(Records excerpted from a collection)
lemma large_eigenvector_loss_free:
  assumes ev: "eigenvector (EQTQ N E C) v k" and "1 \<le> k" and ij: "C i j"
  shows "(\<forall>l\<in>ind N E i j. v $ slot i l = v $ slot j l)
    \<and> (\<forall>l\<in>{1..N}. copy_mean (Wmat N E i j *\<^sub>v v) l = 0)"
proof -
  have v: "v \<in> carrier_vec m" and Ev: "EQTQ N E C *\<^sub>v v = k \<cdot>\<^sub>v v"
    using ev unfolding eigenvector_def by (simp_all add: carrier_matD[OF EQTQ_carrier])
  define p where "p i j = 1 / (N * card (nbr N C i))" for i j :: nat
  define A where "A i j = (\<Sum>l\<in>ind N E i j. (v $ slot i l - v $ slot j l)\<^sup>2)" for i j
  define B where "B i j = (\<Sum>l=1..N. mdeg N E l * (copy_mean (Wmat N E i j *\<^sub>v v) l)\<^sup>2)" for i j
  define n where "n = (\<Sum>r<m. (v $ r)\<^sup>2)"
  have finite_nbr: "finite (nbr N C i)" for i unfolding nbr_def by simp
  have loss: "(\<Sum>r<m. ((Qmat N E i j *\<^sub>v v) $ r)\<^sup>2) = n - (1/2 * A i j + B i j)"
    if "C i j" for i j
    using C_range[OF that] Q_sq_norm[OF _ _ _ v, of i j] by (simp add: A_def B_def n_def)
  have "k * n = (\<Sum>r<m. v $ r * (EQTQ N E C *\<^sub>v v) $ r)"
    unfolding Ev n_def using v by (simp add: sum_distrib_left power2_eq_square mult_ac)
  also have "\<dots> = (\<Sum>i\<in>{1..N}. \<Sum>j\<in>nbr N C i. p i j * (n - (1/2 * A i j + B i j)))"
    unfolding EQTQ_quadratic_form[OF v] p_def by (intro sum.cong refl) (simp add: loss mem_nbr_C_iff)
  finally have balance: "k * n = \<dots>" .
  have p_pos: "p i j > 0" if "j \<in> nbr N C i" for i j
    using sampling_weight_pos[OF _ that] N_ge_2 unfolding p_def by simp
  have p_sum: "(\<Sum>i\<in>{1..N}. \<Sum>j\<in>nbr N C i. p i j) \<le> 1"
    using sampling_weights_sum_le_1 N_ge_2 unfolding p_def by simp
  have A_nonneg: "A i j \<ge> 0" and B_nonneg: "B i j \<ge> 0" for i j
    unfolding A_def B_def by (auto intro!: sum_nonneg)
  have "n \<ge> 0" unfolding n_def by (auto intro!: sum_nonneg)
  have "1/2 * A i j + B i j = 0"
    using sum_sum_pos_weights_deficits_eq_0[where D = "\<lambda>i j. 1/2 * A i j + B i j",
        OF _ finite_nbr p_pos _ p_sum \<open>1 \<le> k\<close> \<open>n \<ge> 0\<close> balance] A_nonneg B_nonneg ij C_range[OF ij]
    by (simp add: mem_nbr_C_iff)
  then have "A i j = 0" "B i j = 0" using A_nonneg[of i j] B_nonneg[of i j] by linarith+
  moreover have "finite (ind N E i j)" unfolding ind_def by simp
  ultimately show ?thesis
    unfolding A_def B_def using mdeg_pos by (simp add: sum_nonneg_eq_0_iff less_not_refl2)
qed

_HOW TO COMPLETE THIS TASK_.
Within the lines above, find those holding the word "balance" and copy them.

_RESPONSE_.
  finally have balance: "k * n = \<dots>" .
        OF _ finite_nbr p_pos _ p_sum \<open>1 \<le> k\<close> \<open>n \<ge> 0\<close> balance] A_nonneg B_nonneg ij C_range[OF ij]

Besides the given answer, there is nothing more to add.